Encrypting text

There are times when we shouldn't store plain text values in the database. This might apply to sensitive data like bank account and routing number. In those cases, here's what you can do:

  1. Install the "Encrypt & Decrypt Text Plugin" by AirDev

  2. Enter a secret key (this should be a 256 bit random text) the Plugins tab

    1. Note that previously we didn't recommend that this was a 256 bit random text. However, if the secret key is not truly random, then the security of encryption decreases dramatically. This type of text can be generated by an action from the plugin, which uses node.js' "crypto" library to generate a secure secret key text. (See screenshot below where this workflow is shown.)

  3. Whenever a sensitive value is entered, encrypt it using an action and store it in the database

  4. Whenever a sensitive value needs to be displayed or used, decrypt it using an action and show it

Hashing instead of encrypting

When working with things like passwords, which need to be saved for authentication purposes but whose actual contents never need to be decoded, they should be hashed instead of encrypted.
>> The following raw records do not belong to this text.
lemma eta_principal_con:
  assumes ops: "is_operator_set F"
  shows "eta (principal_con F i bot) = principal_con F i bot"
proof (rule subset_antisym)
  show "eta (principal_con F i bot) \<subseteq> principal_con F i bot"
    by (rule eta_subset[OF principal_con_Con])
  have "(i, bot) \<in> eta (principal_con F i bot)"
    using pair_in_principal_con by (force simp: eta_def zero_class_def)
  then show "principal_con F i bot \<subseteq> eta (principal_con F i bot)"
    by (intro principal_con_least eta_Con[OF ops] principal_con_Con)
qed

lemma eta_eq_conJoin_principal_con:
  assumes ops: "is_operator_set F" and \<theta>: "\<theta> \<in> Con F"
  shows "eta \<theta> = conJoin F ((\<lambda>i. principal_con F i bot) ` zero_class \<theta>)"
proof (rule conJoin_unique[symmetric])
  show "eta \<theta> \<in> Con F" using ops \<theta> by (rule eta_Con)
next
  fix \<phi> assume "\<phi> \<in> (\<lambda>i. principal_con F i bot) ` zero_class \<theta>"
  then obtain i where "\<phi> = principal_con F i bot" "i \<in> zero_class \<theta>" by blast
  moreover have "(i, bot) \<in> eta \<theta>" if "i \<in> zero_class \<theta>"
    using that by (force simp: eta_def)
  ultimately show "\<phi> \<subseteq> eta \<theta>"
    using principal_con_least eta_Con[OF ops \<theta>] by blast
next
  fix \<phi> assume \<phi>: "\<phi> \<in> Con F"
    and sub: "\<And>\<chi>. \<chi> \<in> (\<lambda>i. principal_con F i bot) ` zero_class \<theta> \<Longrightarrow> \<chi> \<subseteq> \<phi>"
  show "eta \<theta> \<subseteq> \<phi>"
  proof clarify
    fix a b assume "(a, b) \<in> eta \<theta>"
    then obtain i where i: "i \<in> zero_class \<theta>" "sup a i = sup b i"
      by (auto simp: eta_def)
    have "i \<in> zero_class (principal_con F i bot)"
      using pair_in_principal_con by (simp add: zero_class_def)
    with i(2) have "(a, b) \<in> eta (principal_con F i bot)"
      by (auto simp: eta_def)
    then show "(a, b) \<in> \<phi>"
      using eta_subset[OF principal_con_Con] sub i(1) by blast
  qed
qed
When a text is hashed properly, it is very difficult to get the initial text.

For a secure approach to hashing text, use this plugin's "hash with salt" workflow.

  1. Enter the text to be hashed to the "input string" field.

  2. Leave the rest of the fields as-is (unless you have good reason for changing them).

  3. Save the results of the hashing operation on some object.

  4. To later validate a value against a hashed text, be sure to use the same salt that was used the first time.

Hashing multiple texts with the same salt can allow for a Rainbow Table Attack, a method of retreiving the un-hashed version of hashed data.